Javi Robles

Personal information
- Full name: José Javier Robles Belmonte
- Date of birth: 3 October 2000 (age 25)
- Place of birth: Almería, Spain
- Height: 1.86 m (6 ft 1 in)
- Position: Midfielder

Team information
- Current team: SS Reyes
- Number: 14

Youth career
- 2005–2008: Natación Almería
- 2008–2010: Pavía
- 2010–2015: Almería
- 2015–2017: Real Madrid
- 2017–2019: Almería

Senior career*
- Years: Team / Apps / (Gls)
- 2019–2021: Almería B / 47 / (6)
- 2021–2023: Almería / 10 / (0)
- 2022–2023: → Fuenlabrada (loan) / 15 / (0)
- 2023: Pontevedra / 10 / (0)
- 2023–2024: Lleida Esportiu / 14 / (0)
- 2024–2025: Illescas / 25 / (0)
- 2025–: SS Reyes / 26 / (0)

= Javi Robles =

Spanish footballer

José Javier "Javi" Robles Belmonte (born 3 October 2000) is a Spanish footballer who plays as a central midfielder for Segunda Federación club SS Reyes.

==Club career==
Born in Almería, Andalusia, Robles joined Real Madrid's La Fábrica in 2015, from UD Almería. He returned to his previous club in 2017, and made his senior debut with the reserves on 12 May 2019, starting and being sent off in a 0–2 Segunda División B away loss against CD El Ejido.

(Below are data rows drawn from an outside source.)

lemma toggle_sites_empty_imp_bottoms:
  assumes fin: "finite \<theta>" and closed: "skew_closed \<theta>"
    and no_sites: "toggle_sites \<theta> n T = {}" and b: "b \<in> column_bottoms \<theta>"
  shows "T b = {n}"
proof (rule ccontr)
  let ?B = "{c \<in> column_bottoms \<theta>. T c \<noteq> {n}}"
  assume "T b \<noteq> {n}"
  then have "?B \<noteq> {}" using b by blast
  moreover have "finite ?B"
    using fin by (rule rev_finite_subset) (use column_bottoms_subset in auto)
  define j where "j = Max (snd ` ?B)"
  have "j \<in> snd ` ?B" unfolding j_def using \<open>finite ?B\<close> \<open>?B \<noteq> {}\<close> by simp
  then obtain i where ij: "(i, j) \<in> ?B" by force
  have rightmost: "snd c \<le> j" if "c \<in> ?B" for c
    unfolding j_def using \<open>finite ?B\<close> that by simp
  have "(i, j) \<notin> toggle_sites \<theta> n T" using no_sites by simp
  then have "(i, j + 1) \<in> \<theta>" "T (i, j + 1) \<noteq> {n}"
    using ij unfolding toggle_sites_def by auto
  then have "(i, j + 1) \<in> ?B"
    using column_bottoms_right_neighbour[OF closed] ij by blast
  then show False using rightmost by fastforce
qed

lemma SVT_less_off_column_bottoms:
  assumes T: "T \<in> SVT \<theta> n" and c: "c \<in> \<theta> - column_bottoms \<theta>" and x: "x \<in> T c"
  shows "x < n"
proof -
  obtain i j where c_eq: "c = (i, j)" by fastforce
  have below: "(i, j) \<in> \<theta>" "(i + 1, j) \<in> \<theta>"
    using c unfolding c_eq column_bottoms_def by auto
  then have "Max (T (i, j)) < Min (T (i + 1, j))"
    using T unfolding SVT_def by auto
  moreover have "x \<le> Max (T (i, j))" using x c_eq SVT_box(3)[OF T below(1)] by simp
  moreover have "Min (T (i + 1, j)) \<in> {1..n}"
    using SVT_box[OF T below(2)] Min_in by blast
  ultimately show ?thesis by auto
qed

definition clear_bottoms ::
    "(nat \<times> nat) set \<Rightarrow> (nat \<times> nat \<Rightarrow> nat set) \<Rightarrow> (nat \<times> nat \<Rightarrow> nat set)" where
  "clear_bottoms \<theta> T = (\<lambda>c. if c \<in> column_bottoms \<theta> then {} else T c)"

definition fill_bottoms ::
    "(nat \<times> nat) set \<Rightarrow> nat \<Rightarrow> (nat \<times> nat \<Rightarrow> nat set) \<Rightarrow> (nat \<times> nat \<Rightarrow> nat set)" where
  "fill_bottoms \<theta> n T = (\<lambda>c. if c \<in> column_bottoms \<theta> then {n} else T c)"
(* Let $P(t,q)=\log\big(\sum_{n=1}^\infty2^{-nt}n^q\big)$ on $D=\{(t,q): t>0,\ \text{or}\ t=0,\ q<-1\}$, let $\tilde D=\{(t,q)\in D:0\le t\le1\}$, and let $\xi_0=\int_0^1\log\lceil-\log_2x\rceil\,dx$. For $\xi>0$ let $(t(\xi),q(\xi))\in\tilde D$ be the unique solution in $\tilde D$ of the system $P(t,q)=q\xi$, $\frac{\partial P}{\partial q}(t,q)=\xi$. Then $q(\xi)<0$ for $0<\xi<\xi_0$, $q(\xi_0)=0$, and $q(\xi)>0$ for $\xi>\xi_0$.
   Context: It is part of the setting (taken from the paper) that for every $\xi>0$ the system has a unique solution in $\tilde D$, that this solution is $(1,0)$ for $\xi=\xi_0$, and that $\frac{\partial P}{\partial q}(1,0)=\xi_0$. *)

theory Defs
  imports "HOL-Analysis.Analysis"
begin

definition Pfun :: "real \<Rightarrow> real \<Rightarrow> real" where
  "Pfun t q = ln (\<Sum>n. 2 powr (- real (Suc n) * t) * real (Suc n) powr q)"

definition dPdq :: "real \<Rightarrow> real \<Rightarrow> real" where
  "dPdq t q = deriv (\<lambda>s. Pfun t s) q"

definition Dom :: "(real \<times> real) set" where
  "Dom = {(t, q). t > 0 \<or> (t = 0 \<and> q < -1)}"

definition Dtilde :: "(real \<times> real) set" where
  "Dtilde = {(t, q). (t, q) \<in> Dom \<and> 0 \<le> t \<and> t \<le> 1}"

definition xi0 :: real where
  "xi0 = integral {0..1} (\<lambda>x. ln (real_of_int (ceiling (- log 2 x))))"

definition solves :: "real \<Rightarrow> real \<times> real \<Rightarrow> bool" where
  "solves \<xi> p \<longleftrightarrow> p \<in> Dtilde \<and> Pfun (fst p) (snd p) = snd p * \<xi> \<and> dPdq (fst p) (snd p) = \<xi>"

definition tq :: "real \<Rightarrow> real \<times> real" where
  "tq \<xi> = (THE p. solves \<xi> p)"

definition qsol :: "real \<Rightarrow> real" where
  "qsol \<xi> = snd (tq \<xi>)"

end

theory Submission
  imports Defs "HOL-Real_Asymp.Real_Asymp"
begin

text \<open>On \<open>Dtilde\<close> we have \<open>t \<le> 1\<close>, so \<open>P(t,q) \<ge> P(1,q)\<close>. Jensen's inequality for the concave
  logarithm and the probability weights \<open>2^-n\<close> gives \<open>P(1,q) \<ge> q \<xi>\<^sub>0\<close> with
  \<open>\<xi>\<^sub>0 = \<Sum> 2^-n log n = \<partial>P/\<partial>q(1,0)\<close>. Hence a solution of the system satisfies
  \<open>q \<xi> = P(t,q) \<ge> q \<xi>\<^sub>0\<close>, i.e. \<open>q (\<xi> - \<xi>\<^sub>0) \<ge> 0\<close>. Finally \<open>q = 0\<close> forces \<open>\<xi> = \<xi>\<^sub>0\<close>: the series
  \<open>P(t,0) = -log (2^t - 1)\<close> vanishes only at \<open>t = 1\<close>, where \<open>\<partial>P/\<partial>q = \<xi>\<^sub>0\<close>.\<close>

definition pressure_term :: "real \<Rightarrow> real \<Rightarrow> nat \<Rightarrow> real" where
  "pressure_term t q n = 2 powr (- real (Suc n) * t) * real (Suc n) powr q"

lemma Pfun_eq_ln_suminf: "Pfun t q = ln (suminf (pressure_term t q))"
  unfolding Pfun_def pressure_term_def ..

lemma pressure_term_1: "pressure_term 1 q = (\<lambda>n. (1/2) ^ Suc n * real (Suc n) powr q)"
  by (simp add: fun_eq_iff pressure_term_def powr_minus powr_realpow power_one_over inverse_eq_divide
      del: of_nat_Suc)

lemma summable_pressure_term:
  assumes "(t, q) \<in> Dom"
  shows "summable (pressure_term t q)"
proof (cases "t > 0")
  case True
  show ?thesis
  proof (rule summable_comparison_test_bigo)
    show "summable (\<lambda>n. norm (real n powr (-2)))"
      using summable_real_powr_iff[of "-2"] by simp
    show "pressure_term t q \<in> O(\<lambda>n. real n powr (-2))"
      unfolding pressure_term_def using True by real_asymp
  qed
next
  case False
  then have "t = 0" and "q < -1" using assms by (auto simp: Dom_def)
  then have "summable (\<lambda>n. real n powr q)" using summable_real_powr_iff by blast
  then show ?thesis
    using summable_Suc_iff[of "\<lambda>n. real n powr q"] \<open>t = 0\<close>
    by (simp add: pressure_term_def[abs_def])
qed

lemma suminf_pressure_term_pos:
  assumes "(t, q) \<in> Dom"
  shows "0 < suminf (pressure_term t q)"
  by (rule suminf_pos[OF summable_pressure_term[OF assms]]) (simp add: pressure_term_def)

lemma Pfun_antimono_t:
  assumes "(t, q) \<in> Dom" and "t \<le> t'"
  shows "Pfun t' q \<le> Pfun t q"
proof -
  have Dom': "(t', q) \<in> Dom" using assms by (cases "t' = t") (auto simp: Dom_def)
  have "suminf (pressure_term t' q) \<le> suminf (pressure_term t q)"
  proof (rule suminf_le)
    fix n
    have "2 powr (- real (Suc n) * t') \<le> 2 powr (- real (Suc n) * t)"
      using assms(2) by (intro powr_mono) auto
    then show "pressure_term t' q n \<le> pressure_term t q n"
      unfolding pressure_term_def by (intro mult_right_mono) auto
  qed (use summable_pressure_term[OF Dom'] summable_pressure_term[OF assms(1)] in auto)
  then show ?thesis
    unfolding Pfun_eq_ln_suminf using suminf_pressure_term_pos[OF Dom'] by (intro ln_mono) auto
qed

lemma suminf_pressure_term_0:
  assumes "t > 0"
  shows "suminf (pressure_term t 0) = 1 / (2 powr t - 1)"
proof -
  define r where "r = 2 powr (- t)"
  have "0 < r" "r < 1" using assms by (auto simp: r_def powr_less_one)
  have "pressure_term t 0 = (\<lambda>n. r * r ^ n)"
  proof
    fix n
    have "2 powr (- real (Suc n) * t) = r powr real (Suc n)"
      by (simp add: r_def powr_powr algebra_simps)
    also have "\<dots> = r ^ Suc n" using \<open>0 < r\<close> by (rule powr_realpow)
    finally show "pressure_term t 0 n = r * r ^ n" by (simp add: pressure_term_def)
  qed
  moreover have "(\<lambda>n. r * r ^ n) sums (r * (1 / (1 - r)))"
    using \<open>0 < r\<close> \<open>r < 1\<close> by (intro sums_mult geometric_sums) simp
  moreover have "r * (1 / (1 - r)) = 1 / (2 powr t - 1)"
    using \<open>r < 1\<close> by (simp add: r_def powr_minus field_simps)
  ultimately show ?thesis by (simp add: sums_iff)
qed

lemma Pfun_0_eq_0_iff:
  assumes "t > 0"
  shows "Pfun t 0 = 0 \<longleftrightarrow> t = 1"
proof -
  have "1 < 2 powr t" using assms powr_less_mono[of 0 t 2] by simp
  then have "Pfun t 0 = 0 \<longleftrightarrow> 2 powr t = 2 powr 1"
    by (auto simp: Pfun_eq_ln_suminf suminf_pressure_term_0[OF assms] field_simps)
  then show ?thesis using powr_inj[of 2 t 1] by simp
qed

lemma weighted_suminf_ln_le_ln:
  fixes w x :: "nat \<Rightarrow> real"
  assumes w: "w sums 1" "\<And>n. 0 \<le> w n" and x: "\<And>n. 0 < x n"
    and mean: "(\<lambda>n. w n * x n) sums m" and L: "(\<lambda>n. w n * ln (x n)) sums L"
  shows "L \<le> ln m"
proof -
  have wx_nonneg: "0 \<le> w n * x n" for n using w(2) x by (simp add: less_imp_le)
  have "m \<noteq> 0"
  proof
    assume "m = 0"
    then have "suminf (\<lambda>n. w n * x n) = 0" using mean by (simp add: sums_iff)
    then have "w n * x n = 0" for n
      using suminf_eq_zero_iff[OF sums_summable[OF mean] wx_nonneg] by simp
    then have "w n = 0" for n using x[of n] by (metis less_irrefl mult_eq_0_iff)
    then have "w = (\<lambda>_. 0)" by auto
    with w(1) have "(\<lambda>_. 0 :: real) sums 1" by simp
    from sums_unique2[OF this sums_zero] show False by simp
  qed
  moreover have "0 \<le> m" using sums_le[OF _ sums_zero mean] wx_nonneg by blast
  ultimately have "0 < m" by simp
  have "w n * ln (x n) \<le> w n * (ln m - 1) + w n * x n / m" for n
  proof -
    have "ln (x n / m) \<le> x n / m - 1" using x \<open>0 < m\<close> by (intro ln_le_minus_one) simp
    then have "ln (x n) \<le> ln m - 1 + x n / m" using x[of n] \<open>0 < m\<close> by (simp add: ln_div)
    then have "w n * ln (x n) \<le> w n * (ln m - 1 + x n / m)" using w(2) by (rule mult_left_mono)
    then show ?thesis by (simp add: distrib_left)
  qed
  moreover have "(\<lambda>n. w n * (ln m - 1) + w n * x n / m) sums (1 * (ln m - 1) + m / m)"
    by (intro sums_add sums_mult2 sums_divide w(1) mean)
  ultimately have "L \<le> 1 * (ln m - 1) + m / m" by (rule sums_le[OF _ L])
  with \<open>0 < m\<close> show ?thesis by simp
qed

definition xi0_series :: real where
  "xi0_series = (\<Sum>n. (1/2) ^ Suc n * ln (real (Suc n)))"

lemma half_power_Suc_sums: "(\<lambda>n. (1/2::real) ^ Suc n) sums 1"
  using sums_mult[OF geometric_sums[of "1/2::real"], of "1/2"] by simp

lemma summable_half_power_Suc_times_square:
  "summable (\<lambda>n. (1/2::real) ^ Suc n * (real (Suc n) * real (Suc n)))"
proof (rule summable_comparison_test_bigo)
  show "summable (\<lambda>n. norm (real n powr (-2)))"
    using summable_real_powr_iff[of "-2"] by simp
  show "(\<lambda>n. (1/2::real) ^ Suc n * (real (Suc n) * real (Suc n))) \<in> O(\<lambda>n. real n powr (-2))"
    by real_asymp
qed

lemma ln_le_square:
  fixes x :: real
  assumes "1 \<le> x"
  shows "ln x \<le> x * x"
proof -
  have "ln x \<le> x - 1" using assms by (intro ln_le_minus_one) simp
  also have "\<dots> \<le> 1 * x" by simp
  also have "\<dots> \<le> x * x" using assms by (intro mult_right_mono) auto
  finally show ?thesis .
qed

lemma summable_xi0_series: "summable (\<lambda>n. (1/2::real) ^ Suc n * ln (real (Suc n)))"
  by (rule summable_comparison_test'[OF summable_half_power_Suc_times_square])
    (simp add: ln_le_square del: of_nat_Suc)

lemma xi0_series_pos: "0 < xi0_series"
  unfolding xi0_series_def by (rule suminf_pos2[OF summable_xi0_series, of 1]) auto

lemma linear_le_Pfun_1: "q * xi0_series \<le> Pfun 1 q"
  unfolding Pfun_eq_ln_suminf
proof (rule weighted_suminf_ln_le_ln[OF half_power_Suc_sums])
  have "summable (pressure_term 1 q)" by (rule summable_pressure_term) (simp add: Dom_def)
  then show "(\<lambda>n. (1/2) ^ Suc n * real (Suc n) powr q) sums suminf (pressure_term 1 q)"
    unfolding pressure_term_1 by (rule summable_sums)
  show "(\<lambda>n. (1/2) ^ Suc n * ln (real (Suc n) powr q)) sums (q * xi0_series)"
    using sums_mult[OF summable_sums[OF summable_xi0_series], of q]
    by (simp add: xi0_series_def ln_powr algebra_simps del: of_nat_Suc)
qed auto

lemma has_field_derivative_suminf_pressure_term_1:
  assumes "\<bar>q\<bar> < 1"
  shows "((\<lambda>s. suminf (pressure_term 1 s)) has_field_derivative
           (\<Sum>n. (1/2) ^ Suc n * (ln (real (Suc n)) * real (Suc n) powr q))) (at q)"
  unfolding pressure_term_1
proof (rule has_field_derivative_series'(2)[where S = "{-1<..<1}"])
  show "((\<lambda>s. (1/2) ^ Suc n * real (Suc n) powr s) has_field_derivative
          (1/2) ^ Suc n * (ln (real (Suc n)) * real (Suc n) powr p)) (at p within {-1<..<1})"
    for n p
  proof -
    have "((\<lambda>s. real (Suc n) powr s) has_real_derivative
            1 * ln (real (Suc n)) * real (Suc n) powr p) (at p)"
      by (rule has_real_derivative_const_powr) (rule DERIV_ident)
    from DERIV_cmult[OF this, of "(1/2) ^ Suc n"] show ?thesis
      by (simp add: has_field_derivative_at_within)
  qed
  show "uniformly_convergent_on {-1<..<1}
          (\<lambda>n p. \<Sum>i<n. (1/2::real) ^ Suc i * (ln (real (Suc i)) * real (Suc i) powr p))"
  proof (rule Weierstrass_m_test'[OF _ summable_half_power_Suc_times_square])
    fix n and p :: real
    assume "p \<in> {-1<..<1}"
    then have "real (Suc n) powr p \<le> real (Suc n)"
      using powr_mono[of p 1 "real (Suc n)"] by simp
    moreover have "ln (real (Suc n)) \<le> real (Suc n)"
      by (intro less_imp_le ln_less_self) simp
    ultimately have "ln (real (Suc n)) * real (Suc n) powr p \<le> real (Suc n) * real (Suc n)"
      by (intro mult_mono) auto
    then show "norm ((1/2::real) ^ Suc n * (ln (real (Suc n)) * real (Suc n) powr p))
                 \<le> (1/2) ^ Suc n * (real (Suc n) * real (Suc n))"
      by (simp del: of_nat_Suc)
  qed
  show "summable (\<lambda>n. (1/2::real) ^ Suc n * real (Suc n) powr 0)"
    using sums_summable[OF half_power_Suc_sums] by simp
  show "q \<in> interior {-1<..<1}" using assms by auto
qed auto

lemma dPdq_1_0: "dPdq 1 0 = xi0_series"
proof -
  have sum_0: "suminf (pressure_term 1 0) = 1"
    using half_power_Suc_sums by (simp add: pressure_term_1 sums_iff)
  have "((\<lambda>q. suminf (pressure_term 1 q)) has_field_derivative xi0_series) (at 0)"
    using has_field_derivative_suminf_pressure_term_1[of 0] by (simp add: xi0_series_def)
  then have "((\<lambda>q. Pfun 1 q) has_field_derivative xi0_series) (at 0)"
    unfolding Pfun_eq_ln_suminf by (auto intro!: derivative_eq_intros simp: sum_0)
  then show ?thesis unfolding dPdq_def by (rule DERIV_imp_deriv)
qed

lemma solves_mult_xi0_series_le:
  assumes "solves \<xi> (t, q)"
  shows "q * xi0_series \<le> q * \<xi>"
proof -
  have "(t, q) \<in> Dom" "t \<le> 1" "Pfun t q = q * \<xi>"
    using assms by (auto simp: solves_def Dtilde_def)
  then show ?thesis using Pfun_antimono_t[of t q 1] linear_le_Pfun_1[of q] by linarith
qed

lemma solves_q_0_imp_xi0_series:
  assumes "solves \<xi> (t, 0)"
  shows "\<xi> = xi0_series"
proof -
  have "(t, 0) \<in> Dom" "Pfun t 0 = 0" "dPdq t 0 = \<xi>"
    using assms by (auto simp: solves_def Dtilde_def)
  then have "t = 1" using Pfun_0_eq_0_iff by (auto simp: Dom_def)
  with \<open>dPdq t 0 = \<xi>\<close> show ?thesis by (simp add: dPdq_1_0)
qed

lemma solves_q_neg:
  assumes "solves \<xi> (t, q)" and "\<xi> < xi0_series"
  shows "q < 0"
  using solves_mult_xi0_series_le[OF assms(1)] solves_q_0_imp_xi0_series[of \<xi> t] assms
  by (cases q "0::real" rule: linorder_cases) (auto simp: mult_le_cancel_left)

lemma solves_q_pos:
  assumes "solves \<xi> (t, q)" and "xi0_series < \<xi>"
  shows "0 < q"
  using solves_mult_xi0_series_le[OF assms(1)] solves_q_0_imp_xi0_series[of \<xi> t] assms
  by (cases q "0::real" rule: linorder_cases) (auto simp: mult_le_cancel_left)

theorem proposition4p5:
  assumes unique: "\<forall>\<xi>>0. \<exists>!p. solves \<xi> p"
    and at_xi0: "tq xi0 = (1, 0)"
    and deriv10: "dPdq 1 0 = xi0"
  shows "(\<forall>\<xi>. 0 < \<xi> \<and> \<xi> < xi0 \<longrightarrow> qsol \<xi> < 0)
       \<and> qsol xi0 = 0
       \<and> (\<forall>\<xi>. \<xi> > xi0 \<longrightarrow> qsol \<xi> > 0)"
proof -
  have xi0: "xi0 = xi0_series" using deriv10 dPdq_1_0 by simp
  have sol: "solves \<xi> (fst (tq \<xi>), qsol \<xi>)" if "0 < \<xi>" for \<xi>
    using theI'[of "solves \<xi>"] unique that by (simp add: tq_def qsol_def)
  show ?thesis
    using solves_q_neg[OF sol] solves_q_pos[OF sol] xi0_series_pos at_xi0
    by (auto simp: xi0 qsol_def)
qed

end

Robles scored his first senior goal on 1 November 2019, netting the equalizer in a 1–1 home draw against CD Huétor Tájar in the Tercera División. He made his first-team debut on 16 August 2021, coming on as a late substitute for Lucas Robertone in a 3–1 Segunda División away win against FC Cartagena.

On 17 July 2022, Robles was loaned to Primera División RFEF side CF Fuenlabrada for the season. The following 31 January, his loan was cut short; he subsequently terminated his link with the Rojiblancos and signed for Pontevedra CF also in the third division.